Netflix To Lose Over 1,000 Movie Titles

If you have any Starz movies you want to see on Netflix, you might want to hurry up and watch them before it's too late.

Starz has announced in a press release that it is cutting off contract renewal negotiations with Netflix and has no plans to fire them back up:

When the agreement expires on February 28, 2012, Starz will cease to distribute its content on the Netflix streaming platform. This decision is a result of our strategy to protect the premium nature of our brand by preserving the appropriate pricing and packaging of our exclusive and highly valuable content.
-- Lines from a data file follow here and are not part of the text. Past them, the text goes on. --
lemma exists_Ints_poly_one_add_power_linear:
  assumes "d \<ge> 1"
  shows "\<exists>(P :: 'k::field_char_0 poly) \<mu>. (\<forall>j. coeff P j \<in> \<int>) \<and> \<mu> \<noteq> 0 \<and>
           (\<forall>t. (\<Sum>j\<le>degree P. coeff P j * ((1 + 2 ^ j * t) ^ d - 1)) = \<mu> * t)"
proof -
  obtain P :: "'k poly" where P: "\<forall>j. coeff P j \<in> \<int>"
    "\<forall>e. poly P (2 powi e) = 0 \<longleftrightarrow> e \<in> int ` ({..d} - {1})"
    using exists_Ints_poly_zeros_two_powi[of "int ` ({..d} - {1})"] by blast
  have P_two_power: "poly P (2 ^ k) = 0 \<longleftrightarrow> k \<noteq> 1" if "k \<le> d" for k
    using P(2)[rule_format, of "int k"] that by (auto simp: power_int_of_nat)
  have "(\<Sum>j\<le>degree P. coeff P j * ((1 + 2 ^ j * t) ^ d - 1)) = of_nat d * poly P 2 * t" for t
  proof -
    have "(\<Sum>j\<le>degree P. coeff P j * ((1 + 2 ^ j * t) ^ d - 1))
        = (\<Sum>j\<le>degree P. coeff P j * (1 + 2 ^ j * t) ^ d) - poly P 1"
      by (simp add: poly_altdef right_diff_distrib sum_subtractf)
    also have "poly P 1 = 0"
      using P_two_power[of 0] by simp
    also have "(\<Sum>j\<le>degree P. coeff P j * (1 + 2 ^ j * t) ^ d)
        = (\<Sum>k\<le>d. of_nat (d choose k) * t ^ k * poly P (2 ^ k))"
      by (rule sum_coeff_mult_one_add_power)
    also have "\<dots> = (\<Sum>k\<le>d. if k = 1 then of_nat d * poly P 2 * t else 0)"
      by (rule sum.cong) (auto simp: P_two_power)
    also have "\<dots> = of_nat d * poly P 2 * t"
      using assms by simp
    finally show ?thesis by simp
  qed
  moreover have "of_nat d * poly P 2 \<noteq> 0"
    using assms P_two_power[of 1] by simp
  ultimately show ?thesis
    using P(1) by blast
qed

definition power_sum_diff :: "int set \<Rightarrow> nat \<Rightarrow> (int \<Rightarrow> 'k::field) \<Rightarrow> bool" where
  "power_sum_diff S k v \<longleftrightarrow> (\<exists>x y. (\<forall>i<k. x i \<noteq> 0) \<and> (\<forall>j<k. y j \<noteq> 0) \<and>
      (\<forall>s\<in>S. v s = (\<Sum>i<k. x i powi s) - (\<Sum>j<k. y j powi s)))"

lemma XS_eq: "XS S k = {v \<in> S \<rightarrow>\<^sub>E (UNIV :: 'k::field set). power_sum_diff S k v}"
proof (intro set_eqI iffI)
  fix v :: "int \<Rightarrow> 'k" assume "v \<in> XS S k"
  then obtain x y where v: "v = (\<lambda>s\<in>S. (\<Sum>i<k. gammaS S (x i) s) - (\<Sum>j<k. gammaS S (y j) s))"
    and "\<forall>i<k. x i \<noteq> 0" "\<forall>j<k. y j \<noteq> 0"
    unfolding XS_def by blast
  then have "power_sum_diff S k v"
    unfolding power_sum_diff_def by (intro exI[of _ x] exI[of _ y]) (simp add: gammaS_def)
  then show "v \<in> {v \<in> S \<rightarrow>\<^sub>E UNIV. power_sum_diff S k v}"
    using v by simp
next
  fix v :: "int \<Rightarrow> 'k" assume "v \<in> {v \<in> S \<rightarrow>\<^sub>E UNIV. power_sum_diff S k v}"
  then obtain x y where v: "v \<in> S \<rightarrow>\<^sub>E UNIV" "\<forall>i<k. x i \<noteq> 0" "\<forall>j<k. y j \<noteq> 0"
    "\<forall>s\<in>S. v s = (\<Sum>i<k. x i powi s) - (\<Sum>j<k. y j powi s)"
    unfolding power_sum_diff_def by blast
  have "v = (\<lambda>s\<in>S. (\<Sum>i<k. gammaS S (x i) s) - (\<Sum>j<k. gammaS S (y j) s))"
    using v(1,4) by (auto simp: gammaS_def PiE_iff extensional_def)
  then show "v \<in> XS S k"
    unfolding XS_def using v(2,3) by blast
qed

lemma power_sum_diff_cong:
  "power_sum_diff S k v \<Longrightarrow> (\<And>s. s \<in> S \<Longrightarrow> v s = w s) \<Longrightarrow> power_sum_diff S k w"
  unfolding power_sum_diff_def by metis

lemma power_sum_diff_zero: "power_sum_diff S k (\<lambda>s. 0)"
  unfolding power_sum_diff_def by (intro exI[of _ "\<lambda>_. 1"]) simp

lemma power_sum_diff_single:
  "x \<noteq> 0 \<Longrightarrow> y \<noteq> 0 \<Longrightarrow> power_sum_diff S 1 (\<lambda>s. x powi s - y powi s)"
  unfolding power_sum_diff_def by (rule exI[of _ "\<lambda>_. x"], rule exI[of _ "\<lambda>_. y"]) simp

lemma power_sum_diff_add:
  assumes "power_sum_diff S k v" "power_sum_diff S l w"
  shows "power_sum_diff S (k + l) (\<lambda>s. v s + w s)"
proof -
  obtain x y where xy: "\<forall>i<k. x i \<noteq> 0" "\<forall>j<k. y j \<noteq> 0"
    "\<forall>s\<in>S. v s = (\<Sum>i<k. x i powi s) - (\<Sum>j<k. y j powi s)"
    using assms(1) unfolding power_sum_diff_def by blast
  obtain x' y' where xy': "\<forall>i<l. x' i \<noteq> 0" "\<forall>j<l. y' j \<noteq> 0"
    "\<forall>s\<in>S. w s = (\<Sum>i<l. x' i powi s) - (\<Sum>j<l. y' j powi s)"
    using assms(2) unfolding power_sum_diff_def by blast
  define X where "X i = (if i < k then x i else x' (i - k))" for i
  define Y where "Y i = (if i < k then y i else y' (i - k))" for i
  have sum_split: "(\<Sum>i<k + l. f i) = (\<Sum>i<k. f i) + (\<Sum>i<l. f (k + i))" for f :: "nat \<Rightarrow> 'a::field"
    by (induction l) (auto simp: add.assoc)
  show ?thesis
    unfolding power_sum_diff_def
  proof (intro exI conjI allI impI ballI)
    fix i assume "i < k + l"
    then show "X i \<noteq> 0" "Y i \<noteq> 0"
      using xy xy' by (auto simp: X_def Y_def)
  next
    fix s assume "s \<in> S"
    then show "v s + w s = (\<Sum>i<k + l. X i powi s) - (\<Sum>j<k + l. Y j powi s)"
      using xy(3) xy'(3) by (simp add: sum_split X_def Y_def)
  qed
qed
Apparently, the money just isn't there, and it sounds like Starz is interested in seeing other people. Netflix paid $30 million back in October 2008 to gain the rights to stream Starz films, and many analysts called the deal a steal for Netflix.
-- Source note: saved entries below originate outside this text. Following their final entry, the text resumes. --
text \<open>On the cones the summand is dominated by a product of two one-variable theta series.\<close>

lemma hecke_term_summable_on_cones:
  assumes "1 \<le> a" and "1 \<le> c" and "x \<noteq> 0" and "y \<noteq> 0" and "0 < Im t"
  shows "hecke_term a b c x y t summable_on pos_cone \<union> neg_cone"
proof -
  define \<theta> where "\<theta> = (\<lambda>u (r::int). u powi r * exp (- (2 * pi * Im t) * (of_int r * (of_int r - 1) / 2)))"
  have "(\<lambda>p. \<theta> (norm x) (fst p) * \<theta> (norm y) (snd p)) summable_on UNIV"
    unfolding \<theta>_def using assms by (intro summable_on_product_nonneg summable_on_theta_int) auto
  then have "(\<lambda>p. \<theta> (norm x) (fst p) * \<theta> (norm y) (snd p)) summable_on pos_cone \<union> neg_cone"
    by (rule summable_on_subset_banach) simp
  then have "(\<lambda>p. norm (hecke_term a b c x y t p)) summable_on pos_cone \<union> neg_cone"
  proof (rule Infinite_Sum.abs_summable_on_comparison_test')
    fix p :: "int \<times> int"
    assume "p \<in> pos_cone \<union> neg_cone"
    then obtain r s where "p = (r, s)" and "0 \<le> r * s"
      by (cases p) (auto simp: pos_cone_def neg_cone_def zero_le_mult_iff)
    then show "norm (hecke_term a b c x y t p) \<le> \<theta> (norm x) (fst p) * \<theta> (norm y) (snd p)"
      using norm_hecke_term_le_theta_product[OF assms(1,2)] assms(5) by (simp add: \<theta>_def)
  qed
  then show ?thesis
    by (rule abs_summable_summable)
qed

definition cone_count :: "(int \<times> int \<Rightarrow> int \<times> int) \<Rightarrow> int \<times> int \<Rightarrow> int" where
  "cone_count f p = of_bool (p \<in> f ` pos_cone) - of_bool (p \<in> f ` neg_cone)"

lemma mem_image_iff_pair:
  "(R, S) \<in> f ` C \<longleftrightarrow> (\<exists>r s. (r, s) \<in> C \<and> f (r, s) = (R, S))"
  by force

lemma mem_cone_images:
  fixes R S :: int
  shows "(R, S) \<in> (\<lambda>(r, s). (2 * s, r - s)) ` pos_cone \<longleftrightarrow> even R \<and> 0 \<le> R \<and> 0 \<le> R + 2 * S"
    and "(R, S) \<in> (\<lambda>(r, s). (2 * s, r - s)) ` neg_cone \<longleftrightarrow> even R \<and> R < 0 \<and> R + 2 * S \<le> -2"
    and "(R, S) \<in> (\<lambda>(r, s). (2 * r - 1, s - r + 1)) ` pos_cone \<longleftrightarrow> odd R \<and> -1 \<le> R \<and> 1 \<le> R + 2 * S"
    and "(R, S) \<in> (\<lambda>(r, s). (2 * r - 1, s - r + 1)) ` neg_cone \<longleftrightarrow> odd R \<and> R \<le> -3 \<and> R + 2 * S \<le> -1"
    and "(R, S) \<in> (\<lambda>(r, s). (- r - 2 * s - 1, s)) ` pos_cone \<longleftrightarrow> 0 \<le> S \<and> R + 2 * S \<le> -1"
    and "(R, S) \<in> (\<lambda>(r, s). (- r - 2 * s - 1, s)) ` neg_cone \<longleftrightarrow> S < 0 \<and> 0 \<le> R + 2 * S"
  unfolding mem_image_iff_pair by (simp_all add: pos_cone_def neg_cone_def; presburger)+

lemma cone_count_lattice_identity:
  "cone_count (\<lambda>(r, s). (2 * s, r - s)) p + cone_count (\<lambda>(r, s). (2 * r - 1, s - r + 1)) p
     + cone_count (\<lambda>(r, s). (- r - 2 * s - 1, s)) p - cone_count id p = of_bool (fst p = -1)"
proof -
  obtain R S where p: "p = (R, S)" by fastforce
  show ?thesis
  proof (cases "even R")
    case True
    then obtain k where "R = 2 * k" by (auto elim: evenE)
    then show ?thesis
      unfolding p cone_count_def mem_cone_images by (auto simp: pos_cone_def neg_cone_def; presburger)
  next
    case False
    then obtain k where "R = 2 * k + 1" by (auto elim: oddE)
    then show ?thesis
      unfolding p cone_count_def mem_cone_images by (auto simp: pos_cone_def neg_cone_def; presburger)
  qed
qed

definition cone_sum :: "(int \<times> int \<Rightarrow> 'a::banach) \<Rightarrow> 'a" where
  "cone_sum T = infsum T pos_cone - infsum T neg_cone"

lemma has_sum_diff:
  fixes f g :: "'a \<Rightarrow> 'b::topological_ab_group_add"
  assumes "(f has_sum a) A" and "(g has_sum b) A"
  shows "((\<lambda>x. f x - g x) has_sum (a - b)) A"
proof -
  have "((\<lambda>x. - g x) has_sum - b) A"
    using assms(2) by (simp add: has_sum_uminus)
  from has_sum_add[OF assms(1) this] show ?thesis
    by simp
qed

lemma has_sum_cone_count:
  fixes T :: "int \<times> int \<Rightarrow> 'a::banach"
  assumes "inj f" and "(T \<circ> f) summable_on pos_cone \<union> neg_cone"
  shows "((\<lambda>p. of_int (cone_count f p) *\<^sub>R T p) has_sum cone_sum (T \<circ> f)) UNIV"
proof -
  have extended: "((\<lambda>p. of_bool (p \<in> f ` C) *\<^sub>R T p) has_sum infsum (T \<circ> f) C) UNIV"
    if "C \<subseteq> pos_cone \<union> neg_cone" for C
  proof -
    have "((T \<circ> f) has_sum infsum (T \<circ> f) C) C"
      using summable_on_subset_banach[OF assms(2) that] by (rule has_sum_infsum)
    then have "(T has_sum infsum (T \<circ> f) C) (f ` C)"
      using assms(1) by (simp add: has_sum_reindex inj_on_subset[of _ UNIV])
    then show ?thesis
      by (rule has_sum_cong_neutral[THEN iffD1, rotated -1]) auto
  qed
  show ?thesis
    using has_sum_diff[OF extended extended, of pos_cone neg_cone]
    by (simp add: cone_count_def cone_sum_def scaleR_diff_left)
qed

lemma cone_sum_lattice_identity:
  fixes T :: "int \<times> int \<Rightarrow> 'a::banach"
  defines "\<phi> \<equiv> \<lambda>(r, s). (2 * s, r - s)" and "\<psi> \<equiv> \<lambda>(r, s). (2 * r - 1, s - r + 1)"
    and "\<rho> \<equiv> \<lambda>(r, s). (- r - 2 * s - 1, s)"
  assumes "(T \<circ> \<phi>) summable_on pos_cone \<union> neg_cone" and "(T \<circ> \<psi>) summable_on pos_cone \<union> neg_cone"
    and "(T \<circ> \<rho>) summable_on pos_cone \<union> neg_cone" and "T summable_on pos_cone \<union> neg_cone"
  shows "cone_sum (T \<circ> \<phi>) + cone_sum (T \<circ> \<psi>) + cone_sum (T \<circ> \<rho>) - cone_sum T = infsum T {p. fst p = -1}"
proof -
  have "inj \<phi>" "inj \<psi>" "inj \<rho>"
    by (auto simp: \<phi>_def \<psi>_def \<rho>_def inj_def)
  then have "((\<lambda>p. of_int (cone_count \<phi> p + cone_count \<psi> p + cone_count \<rho> p - cone_count id p) *\<^sub>R T p)
      has_sum (cone_sum (T \<circ> \<phi>) + cone_sum (T \<circ> \<psi>) + cone_sum (T \<circ> \<rho>) - cone_sum (T \<circ> id))) UNIV"
    using assms(4-7) has_sum_cone_count[of id T]
    by (auto simp: scaleR_add_left scaleR_diff_left
        intro!: has_sum_diff has_sum_add has_sum_cone_count)
  then have "((\<lambda>p. of_bool (fst p = -1) *\<^sub>R T p)
      has_sum (cone_sum (T \<circ> \<phi>) + cone_sum (T \<circ> \<psi>) + cone_sum (T \<circ> \<rho>) - cone_sum T)) UNIV"
    unfolding \<phi>_def \<psi>_def \<rho>_def cone_count_lattice_identity by simp
  then have "(T has_sum (cone_sum (T \<circ> \<phi>) + cone_sum (T \<circ> \<psi>) + cone_sum (T \<circ> \<rho>) - cone_sum T))
      {p. fst p = -1}"
    by (rule has_sum_cong_neutral[THEN iffD2, rotated -1]) auto
  then show ?thesis
    by (rule infsumI[symmetric])
qed

lemma infsum_antisymmetric_reflection:
  fixes f :: "int \<Rightarrow> 'a::real_normed_vector"
  assumes "\<And>s. f (j - s) = - f s"
  shows "infsum f UNIV = 0"
proof -
  have "bij_betw (\<lambda>s. j - s) UNIV UNIV"
    by (rule bij_betwI[of _ _ _ "\<lambda>s. j - s"]) auto
  then have "infsum f UNIV = infsum (\<lambda>s. f (j - s)) UNIV"
    by (rule infsum_reindex_bij_betw[symmetric])
  also have "\<dots> = - infsum f UNIV"
    by (simp add: assms infsum_uminus)
  finally have "2 *\<^sub>R infsum f UNIV = 0"
    by (metis add.right_inverse scaleR_2)
  then show ?thesis
    by simp
qed

lemma sign_powi:
  fixes \<epsilon> :: "'a::division_ring"
  assumes "\<epsilon> = 1 \<or> \<epsilon> = -1"
  shows "\<epsilon> powi n = (if even n then 1 else \<epsilon>)"
  using assms by (auto simp: power_int_minus_left)

context
  fixes K :: nat and A B :: real and \<epsilon> t :: complex
  assumes sign: "\<epsilon> = 1 \<or> \<epsilon> = -1"
begin

lemma hecke_term_even_substitution:
  "hecke_term (K + 1) (K + 1) 1 (\<epsilon> * qpow t A) (qpow t B) t (2 * s, r - s) =
   hecke_term 1 (1 + 2 * K) 1 (qpow t B) (qpow t (2 * A - B - real K)) t (r, s)"
proof -
  have "hecke_exponent (K + 1) (K + 1) 1 A B (2 * s) (r - s) = hecke_exponent 1 (1 + 2 * K) 1 B (2 * A - B - K) r s"
    by (simp add: hecke_exponent_def field_simps)
  then show ?thesis
    using hecke_term_qpow[where e = 1] by (simp add: hecke_term_qpow sign_powi[OF sign] sign_powi[of "-1"])
qed

lemma hecke_term_odd_substitution:
  "hecke_term (K + 1) (K + 1) 1 (\<epsilon> * qpow t A) (qpow t B) t (2 * r - 1, s - r + 1) =
   \<epsilon> * qpow t (B - A) * hecke_term 1 (1 + 2 * K) 1 (qpow t (2 * A - B)) (qpow t (B - real K)) t (r, s)"
proof -
  have "hecke_exponent (K + 1) (K + 1) 1 A B (2 * r - 1) (s - r + 1) = (B - A) + hecke_exponent 1 (1 + 2 * K) 1 (2 * A - B) (B - K) r s"
    by (simp add: hecke_exponent_def field_simps)
  then show ?thesis
    using hecke_term_qpow[where e = 1] by (simp add: hecke_term_qpow qpow_add sign_powi[OF sign] sign_powi[of "-1"])
qed

lemma hecke_term_reflection:
  "hecke_term (K + 1) (K + 1) 1 (\<epsilon> * qpow t A) (qpow t B) t (- r - 2 * s - 1, s) =
   - (\<epsilon> * qpow t (real K + 1 - A) *
      hecke_term (K + 1) (K + 1) 1 (\<epsilon> * qpow t (2 * real K + 2 - A)) (qpow t (B + 2 * real K + 2 - 2 * A)) t (r, s))"
proof -
  have "hecke_exponent (K + 1) (K + 1) 1 A B (- r - 2 * s - 1) s =
      (real K + 1 - A) + hecke_exponent (K + 1) (K + 1) 1 (2 * real K + 2 - A) (B + 2 * real K + 2 - 2 * A) r s"
    by (simp add: hecke_exponent_def field_simps)
  then show ?thesis
    using sign by (auto simp: hecke_term_qpow qpow_add sign_powi[OF sign] sign_powi[of "-1"])
qed

lemma hecke_term_line_antisymmetric:
  fixes j S :: int
  assumes "odd j" and "2 * B = 2 * real K + 3 - of_int j"
  shows "hecke_term (K + 1) (K + 1) 1 (\<epsilon> * qpow t A) (qpow t B) t (-1, j - S) =
    - hecke_term (K + 1) (K + 1) 1 (\<epsilon> * qpow t A) (qpow t B) t (-1, S)"
proof -
  have "hecke_exponent (K + 1) (K + 1) 1 A B (-1) (j - S) - hecke_exponent (K + 1) (K + 1) 1 A B (-1) S
      = (of_int j - 2 * of_int S) * (2 * B - 2 * real K - 3 + of_int j) / 2"
    by (simp add: hecke_exponent_def field_simps)
  then have "hecke_exponent (K + 1) (K + 1) 1 A B (-1) (j - S) = hecke_exponent (K + 1) (K + 1) 1 A B (-1) S"
    using assms(2) by simp
  then show ?thesis
    using assms(1) by (simp add: hecke_term_qpow sign_powi[OF sign] sign_powi[of "-1"])
qed

end

lemma hecke_f_eq_cone_sum: "hecke_f a b c x y t = cone_sum (hecke_term a b c x y t)"
  by (simp add: hecke_f_def cone_sum_def pos_cone_def neg_cone_def)

theorem hecke_f_parity_split:
  fixes K :: nat and A B :: real and j :: int and \<epsilon> t :: complex
  assumes "0 < Im t" and sign: "\<epsilon> = 1 \<or> \<epsilon> = -1" and "odd j" and "2 * B = 2 * real K + 3 - of_int j"
  shows "hecke_f 1 (1 + 2 * K) 1 (qpow t B) (qpow t (2 * A - B - real K)) t
      + \<epsilon> * qpow t (B - A) * hecke_f 1 (1 + 2 * K) 1 (qpow t (2 * A - B)) (qpow t (B - real K)) t
    = hecke_f (K + 1) (K + 1) 1 (\<epsilon> * qpow t A) (qpow t B) t
      + \<epsilon> * qpow t (real K + 1 - A) *
        hecke_f (K + 1) (K + 1) 1 (\<epsilon> * qpow t (2 * real K + 2 - A)) (qpow t (B + 2 * real K + 2 - 2 * A)) t"
proof -
  define T where "T = hecke_term (K + 1) (K + 1) 1 (\<epsilon> * qpow t A) (qpow t B) t"
  define L1 where "L1 = hecke_term 1 (1 + 2 * K) 1 (qpow t B) (qpow t (2 * A - B - real K)) t"
  define L2 where "L2 = hecke_term 1 (1 + 2 * K) 1 (qpow t (2 * A - B)) (qpow t (B - real K)) t"
  define R where "R = hecke_term (K + 1) (K + 1) 1 (\<epsilon> * qpow t (2 * real K + 2 - A)) (qpow t (B + 2 * real K + 2 - 2 * A)) t"
  define c2 where "c2 = \<epsilon> * qpow t (B - A)"
  define c3 where "c3 = \<epsilon> * qpow t (real K + 1 - A)"
  have even: "T \<circ> (\<lambda>(r, s). (2 * s, r - s)) = L1"
    by (simp add: fun_eq_iff T_def L1_def hecke_term_even_substitution[OF sign, simplified])
  have odd: "T \<circ> (\<lambda>(r, s). (2 * r - 1, s - r + 1)) = (\<lambda>p. c2 * L2 p)"
    by (simp add: fun_eq_iff T_def L2_def c2_def hecke_term_odd_substitution[OF sign, simplified])
  have reflection: "T \<circ> (\<lambda>(r, s). (- r - 2 * s - 1, s)) = (\<lambda>p. - (c3 * R p))"
    by (simp add: fun_eq_iff T_def R_def c3_def hecke_term_reflection[OF sign, simplified])
  have "\<epsilon> \<noteq> 0"
    using sign by auto
  then have summable: "T summable_on pos_cone \<union> neg_cone" "L1 summable_on pos_cone \<union> neg_cone"
      "L2 summable_on pos_cone \<union> neg_cone" "R summable_on pos_cone \<union> neg_cone"
    unfolding T_def L1_def L2_def R_def using \<open>0 < Im t\<close>
    by (auto intro!: hecke_term_summable_on_cones)
  have "infsum T {p. fst p = -1} = infsum (\<lambda>S. T (-1, S)) UNIV"
    by (rule infsum_reindex_bij_betw[symmetric]) (auto simp: bij_betw_def inj_def image_def)
  also have "\<dots> = 0"
    by (rule infsum_antisymmetric_reflection[of _ j])
      (simp add: T_def hecke_term_line_antisymmetric[OF sign assms(3,4), simplified])
  finally have line: "infsum T {p. fst p = -1} = 0" .
  have "cone_sum (T \<circ> (\<lambda>(r, s). (2 * s, r - s))) + cone_sum (T \<circ> (\<lambda>(r, s). (2 * r - 1, s - r + 1)))
      + cone_sum (T \<circ> (\<lambda>(r, s). (- r - 2 * s - 1, s))) - cone_sum T = infsum T {p. fst p = -1}"
    by (rule cone_sum_lattice_identity)
      (use summable in \<open>simp_all add: even odd reflection summable_on_cmult_right summable_on_uminus\<close>)
  then have "cone_sum L1 + c2 * cone_sum L2 - c3 * cone_sum R - cone_sum T = 0"
    unfolding even odd reflection line by (simp add: cone_sum_def infsum_cmult_right' infsum_uminus algebra_simps)
  then show ?thesis
    by (simp add: hecke_f_eq_cone_sum T_def L1_def L2_def R_def c2_def c3_def algebra_simps)
qed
Back in June, Sony temporarily pulled its movies from Netflix due to a "temporary contract issue" with Starz. In March Starz announced that Netflix Instant customers would have to wait 90 days before viewing its original programming like 'Camelot.' In January 2011 Starz CEO Chris Albrecht told Bloomberg that his company didn't "need this deal for [their] profitability."

Netflix CEO Reed Hastings told AllThingsD in June 2011 that he's willing to spend as much as $200 million to renew his company's Starz contract; though exact figures from recent negotiations have not surfaced, it appears that talks have permanently stalled.

When Netflix split its services between DVD rental and Streaming in June, it received much criticism on its website from members who found it to have a weak streaming selection; should Netflix now lose Starz films in February 2012, that weak selection will become even weaker. Starz Play included over 2500 movies when the deal was signed in 2008, though Netflix's website currently advertises about 1000 movies in its Starz Play section.

This could be a big blow to Netflix, even by its own admission. In its 2010 Annual Shareholder Report, the company stated that "[i]f we are not successful in maintaining existing and creating new relationships, or if we encounter technological, content licensing or other impediments to our streaming content, our ability to grow our business could be adversely impacted."

Netflix's stock is already down 8 percent in after hours trading as of press time, and its subscriptions might be "adversely impacted" in about 4 months, if it can't figure something out with Starz or another content provider soon.

Netflix has not responded to a request for comment.